4. Live in a place that has clean air

The environment is one of the elements that could affect health. A low-quality air could cause many health issues such as eye, nose, and throat irritation, allergy, coughing, and breathing difficulty. In the long term, low-quality air increases the risk of coronary artery diseases, some types of cancers, and also weakening the immune system.

All of us could participate in elevating the air quality and staying healthy at the same time by not smoking cigarettes, lower processed food consumption, and reducing personal vehicle utilization to cut down the amount of PM2.5 and PM10 which are produced by car engines and factories.

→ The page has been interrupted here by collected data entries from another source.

(* Let $F$ be an algebraically closed field with $\operatorname{char}F>3$, $R=F[[x,y]]$, and let $f\in R^2$ be an isolated complete intersection singularity with $j_3(f)$ contact equivalent to $(x^3,\,xy^2)$. Then $f$ is contact equivalent to $(x^3+y^r,\,xy^2)$ for some $r\ge 4$.
   Context: $\mathfrak m=\langle x,y\rangle$. ICIS: $f_1,f_2\in\mathfrak m$ a regular sequence with $\mathfrak m^k\subset\langle f_1,f_2\rangle+I_2(J(f))$ for some $k$. $j_3(f)$ is the image in $R^2/\mathfrak m^4R^2$. Contact equivalence: $g=U\cdot\phi(f)$ with $U\in GL(2,R)$, $\phi\in\operatorname{Aut}(R)$ (for jets, taken modulo $\mathfrak m^4R^2$). *)

theory Defs
  imports "HOL-Computational_Algebra.Computational_Algebra"
begin

text \<open>The ring R = F[[x,y]] is realised as F[[x]][[y]], i.e. the type 'a fps fps.
  The outer variable is y, the inner one is x.\<close>

type_synonym 'a ps2 = "'a fps fps"

definition alg_closed_type :: "'a::field itself \<Rightarrow> bool" where
  "alg_closed_type _ \<longleftrightarrow> (\<forall>p::'a poly. degree p \<ge> 1 \<longrightarrow> (\<exists>z. poly p z = 0))"

definition coeff2 :: "'a::comm_ring_1 ps2 \<Rightarrow> nat \<Rightarrow> nat \<Rightarrow> 'a" where
  "coeff2 g i j = (g $ j) $ i"   (* coefficient of x^i y^j *)

definition varX :: "'a::comm_ring_1 ps2" where "varX = fps_const fps_X"
definition varY :: "'a::comm_ring_1 ps2" where "varY = fps_X"

definition ideal_span :: "'b::comm_ring_1 set \<Rightarrow> 'b set" where
  "ideal_span S = {s. \<exists>T c. finite T \<and> T \<subseteq> S \<and> s = (\<Sum>t\<in>T. c t * t)}"

definition ideal_pow :: "'b::comm_ring_1 set \<Rightarrow> nat \<Rightarrow> 'b set" where
  "ideal_pow I k = ideal_span {prod_list xs | xs. length xs = k \<and> set xs \<subseteq> I}"
(* Let $E: y^2=x^3+Ax+B$ ($A,B\in\mathbb{Z}$) be an elliptic curve over $\mathbb{Q}$ and let $M$ be a positive integer with $\max\{10\sqrt{|A|},5\sqrt[3]{|B|}\}\le M$. There exists $D_0$ depending only on $E$ (and $M$) such that for every squarefree integer $D\ge D_0$ and every point $P\in E_D(\mathbb{Z})$ with $x(P)\le MD$, where $E_D: y^2=x^3+D^2Ax+D^3B$, we have $\hat h(P)<1.5\log D$.
   Context: $h$ is the absolute logarithmic Weil height on $\overline{\mathbb{Q}}$; for a point $P$ on an elliptic curve in Weierstrass form, $\hat h(P)=\lim_{n\to\infty} h(x(2^nP))/4^n$ (the canonical height, not normalized by the factor $1/2$). $E_D(\mathbb{Z})$ is the set of points of $E_D$ with integer coordinates. *)

theory Defs
  imports Complex_Main "HOL-Computational_Algebra.Squarefree"
begin

definition weil_height_rat :: "rat \<Rightarrow> real" where
  "weil_height_rat r = (case quotient_of r of (p, q) \<Rightarrow> ln (real_of_int (max \<bar>p\<bar> \<bar>q\<bar>)))"

text \<open>x-coordinate of 2P on y^2 = x^3 + a x + b in terms of x = x(P);
  None encodes the point at infinity O.\<close>
definition x_double :: "rat \<Rightarrow> rat \<Rightarrow> rat \<Rightarrow> rat option" where
  "x_double a b x = (if x^3 + a*x + b = 0 then None
     else Some ((x^4 - 2*a*x^2 - 8*b*x + a^2) / (4*(x^3 + a*x + b))))"
lemma crossings_killed_insert:
  assumes valid: "valid_word (\<alpha> @ u @ \<beta>)" and u: "wmon u \<approx> \<rho>" "\<rho> \<in> RF" "crossings_killed u"
    and level_u: "\<And>k. idem_index k \<Longrightarrow> level k u = 0"
    and killed: "crossings_killed (\<alpha> @ \<beta>)"
  shows "crossings_killed (\<alpha> @ u @ \<beta>)"
  unfolding crossings_killed_def
proof (intro allI impI ballI)
  fix k L assume k: "idem_index k" and L: "L \<in> crossings k 0 (\<alpha> @ u @ \<beta>)"
  have valid': "valid_word \<alpha>" "valid_word u" "valid_word \<beta>" "valid_word (\<alpha> @ \<beta>)"
    using valid by auto
  obtain r where r: "r \<in> RF" "wmon (\<alpha> @ u @ \<beta>) \<approx> r * wmon (\<alpha> @ \<beta>)"
    using wmon_insert_Rfree[OF valid'(1,3) u(1,2)] by blast
  have "L \<in> crossings k 0 (\<alpha> @ \<beta>) \<or> L \<in> crossings k (level k \<alpha>) u"
    using L level_u[OF k] by (auto simp: crossings_append)
  then show "parity_idem k (L + 1) * wmon (\<alpha> @ u @ \<beta>) \<in> J"
  proof
    assume "L \<in> crossings k 0 (\<alpha> @ \<beta>)"
    then show ?thesis
      using crossings_killed_transfer[OF r(2,1) killed k _ valid'(4)] by blast
  next
    assume "L \<in> crossings k (level k \<alpha>) u"
    then obtain L0 where L0: "L0 \<in> crossings k 0 u" "L = level k \<alpha> + L0"
      unfolding crossings_shift[of k "level k \<alpha>"] by blast
    have "parity_idem k (L + 1) * wmon (\<alpha> @ u @ \<beta>) = (parity_idem k (L + 1) * wmon \<alpha>) * wmon u * wmon \<beta>"
      by (simp only: wmon_append mult.assoc)
    also have "\<dots> \<approx> (wmon \<alpha> * parity_idem k (L0 + 1)) * wmon u * wmon \<beta>"
      using parity_idem_wmon[OF k valid'(1), of "L + 1"] L0(2) valid'
      by (intro cong_J_mult_right Fset_wmon) (simp_all add: algebra_simps)
    also have "\<dots> = wmon \<alpha> * (parity_idem k (L0 + 1) * wmon u) * wmon \<beta>"
      by (simp add: mult.assoc)
    finally show ?thesis
      using u(3) k L0(1) valid' unfolding crossings_killed_def
      by (elim cong_J_mem_J) (blast intro: J_mult_left J_mult_right Fset_wmon)
  qed
qed

lemma crossings_killed_insert_U:
  "valid_word (\<alpha> @ [U c] @ \<beta>) \<Longrightarrow> crossings_killed (\<alpha> @ \<beta>) \<Longrightarrow> crossings_killed (\<alpha> @ [U c] @ \<beta>)"
  by (rule crossings_killed_insert[where \<rho> = "lt (U c)"])
     (auto simp: crossings_killed_def wmon_Cons valid_letter_def intro: Rfree_lt)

5. Maintaining mental well-being

Stress and anxiety could stimulate our body to release stress hormone or cortisol hormone causing food craving and increasing fat accumulation. Building relationships through volunteer activities could stimulate the reward pathway in the brain to release various neurotransmitters such as dopamine, oxytocin, serotonin,and endrophine (DOSE) which help to improve mental well-being.

Building relationships through volunteer activities could stimulate the reward pathway in the brain to release various neurotransmitters which could brighten emotions such as Dopamine, Oxytocin, Serotonin, and Endrophine (DOSE). Furthermore, to reduce stress, quality sleep is a crucial tool because sleep could significantly affect individual moods.

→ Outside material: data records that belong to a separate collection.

lemma agent_model_agent1: "agent_model agent1 ({}, {n. even n \<and> n < 2 * m}) = {..<2 * m}"
proof -
  have "agent_model agent1 ({}, {n. even n \<and> n < 2 * m})
      = least_model (chain_program {n. even n} \<union> facts {n. even n \<and> n < 2 * m})"
    by (subst agent_model_negation_free)
      (simp_all add: agent1_def chain_program_negation_free facts_def)
  also have "\<dots> = {..<2 * m}"
  proof (rule least_model_chain_program)
    show "Suc n \<in> {..<2 * m}" if "n \<in> {n. even n}" "n \<in> {..<2 * m}" for n
    proof -
      from that have "even n" "n < 2 * m" by auto
      then show ?thesis by simp presburger
    qed
    show "\<exists>n\<in>{n. even n}. a = Suc n \<and> n \<in> {..<2 * m}"
      if "a \<in> {..<2 * m}" "a \<notin> {n. even n \<and> n < 2 * m}" for a
    proof -
      from that have "a < 2 * m" "\<not> (even a \<and> a < 2 * m)" by auto
      then have "even (a - 1)" "a = Suc (a - 1)" by presburger+
      with \<open>a < 2 * m\<close> show ?thesis by (intro bexI[of _ "a - 1"]) auto
    qed
  qed auto
  finally show ?thesis .
qed

lemma run_state_alternating:
  "run_state relay alternating (2 * m) 0 = ({0}, {n. odd n \<and> n < 2 * m}) \<and>
   run_state relay alternating (2 * m) (Suc 0) = ({}, {n. even n \<and> n < 2 * m})"
proof (induction m)
  case 0
  show ?case by (simp add: relay_def agent0_def agent1_def)
next
  case (Suc m)
  let ?s = "run_state relay alternating (2 * m)"
  let ?s' = "run_state relay alternating (Suc (2 * m))"
  have s': "?s' = step relay (Comm 0 1) ?s"
    by (simp add: alternating_def)
  have s'0: "?s' 0 = ?s 0"
    unfolding s' by simp
  have "?s' (Suc 0) = (fst (?s (Suc 0)),
      snd (?s (Suc 0)) - Dep relay (Suc 0) 0 \<union> Dep relay (Suc 0) 0 \<inter> agent_model (relay ! 0) (?s 0))"
    unfolding s' by simp
  also have "\<dots> = ({}, {n. even n \<and> n < 2 * Suc m})"
    unfolding Dep_relay relay_nth Suc.IH[THEN conjunct1] agent_model_agent0
    using Suc.IH by auto
  finally have s'1: "?s' (Suc 0) = ({}, {n. even n \<and> n < 2 * Suc m})" .
  have s'': "run_state relay alternating (2 * Suc m) = step relay (Comm 1 0) ?s'"
    by (simp add: alternating_def)
  have "run_state relay alternating (2 * Suc m) 0 = (fst (?s' 0),
      snd (?s' 0) - Dep relay 0 (Suc 0) \<union> Dep relay 0 (Suc 0) \<inter> agent_model (relay ! Suc 0) (?s' (Suc 0)))"
    unfolding s'' by simp
  also have "\<dots> = ({0}, {n. odd n \<and> n < 2 * Suc m})"
    unfolding Dep_relay relay_nth s'0 s'1 agent_model_agent1
    using Suc.IH by auto
  finally show ?case
    using s'' s'1 by simp
qed

lemma Mod_agent0_alternating: "Mod relay alternating 0 (2 * m) = {..2 * m}"
  using run_state_alternating[of m]
  by (simp add: Mod_def relay_def agent_model_agent0)

lemma is_run_alternating: "is_run relay alternating"
  unfolding is_run_def
proof (intro conjI)
  show "\<forall>k i j. alternating k = Comm j i \<longrightarrow> i < length relay \<and> j < length relay"
    by (simp add: alternating_def relay_def)
  show "\<exists>k0. \<forall>k\<ge>k0. \<not> is_env (alternating k)"
    by (simp add: alternating_def)
  have "\<exists>k'\<ge>k. alternating k' = Comm j i" if "i < 2" "j < 2" "i \<noteq> j" for i j k
  proof -
    have "alternating (2 * k + j) = Comm j i"
      using that by (auto simp: alternating_def dest!: less_2_cases)
    then show ?thesis
      by (intro exI[of _ "2 * k + j"]) simp
  qed
  moreover have "Dep relay i i = {}" if "i < 2" for i
    using that by (auto simp: Dep_relay dest!: less_2_cases)
  ultimately show "\<forall>i<length relay. \<forall>j<length relay. Dep relay i j \<noteq> {} \<longrightarrow>
      (\<forall>k. \<exists>k'\<ge>k. alternating k' = Comm j i)"
    unfolding length_relay by blast
qed

lemma not_strongly_convergent_alternating: "\<not> strongly_convergent relay alternating"
proof
  assume "strongly_convergent relay alternating"
  then obtain k0 where const: "\<forall>k\<ge>k0. \<forall>i<length relay. Mod relay alternating i k = Mod relay alternating i k0"
    unfolding strongly_convergent_def by blast
  have eventually_const: "Mod relay alternating 0 k = Mod relay alternating 0 k0" if "k \<ge> k0" for k
    using const[rule_format, OF that, of 0] by (simp add: length_relay)
  have "Mod relay alternating 0 (2 * Suc k0) = Mod relay alternating 0 (2 * k0)"
    using eventually_const[of "2 * Suc k0"] eventually_const[of "2 * k0"] by simp
  then have "{..2 * Suc k0} = {..2 * k0}"
    unfolding Mod_agent0_alternating .
  then have "2 * Suc k0 \<le> 2 * k0"
    by (metis atMost_iff order_refl)
  then show False
    by simp
qed

theorem theorem2:
  shows "\<exists>As :: nat mas. coop_mas As \<and> io_acyclic As \<and> bounded_mas As \<and> \<not> stabilizing As"
proof (intro exI conjI)
  show "coop_mas relay" by (rule coop_mas_relay)
  show "io_acyclic relay"
    by (rule io_acyclic_if_acyclic_prog) (simp add: IDB_mas_relay acyclic_prog_chain_program)
  show "bounded_mas relay"
    by (simp add: bounded_mas_def IDB_mas_relay bounded_prog_chain_program)
  show "\<not> stabilizing relay"
    using is_run_alternating not_strongly_convergent_alternating by (auto simp: stabilizing_def)
qed

end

All of these are the five healthy tips that you can start today to promote a healthy lifestyle and improve a quality and longevity life.

 

Reference
  • Carley DW, Farabi SS. Physiology of sleep. Diabetes Spectrum. 2016;29(1):5–9.
  • National Sleep Foundation. What Is Sleep Quality? [Internet]. Washington, DC: National Sleep Foundation; 2020 Oct 28 [cited 2023 Jan 19]. Available from: https://www.thensf.org/what-is-sleep-quality/
  • World Health Organization. Physical activity [Internet]. World Health Organization; 2022 [cited 2023 Jun 14]. Available from: https://www.who.int/news-room/fact-sheets/detail/physical-activity
  • Bays HE, Golden A, Tondt J. Thirty Obesity Myths, Misunderstandings, and/or Oversimplifications: An Obesity Medicine Association (OMA) Clinical Practice Statement (CPS) 2022. Obesity Pillars. 2022 Sep;3:100034.
  • Strak M, Janssen N, Beelen R, Schmitz O, Karssenberg D, Houthuijs D, et al. Associations between lifestyle and air pollution exposure: Potential for confounding in large administrative data cohorts. Environmental Research. 2017;156:364–73.
  • Moll J, Krueger F, Zahn R, Pardini M, de Oliveira-Souza R, Grafman J. Human fronto–mesolimbic networks guide decisions about charitable donation. Proceedings of the National Academy of Sciences. 2006;103(42):15623-8.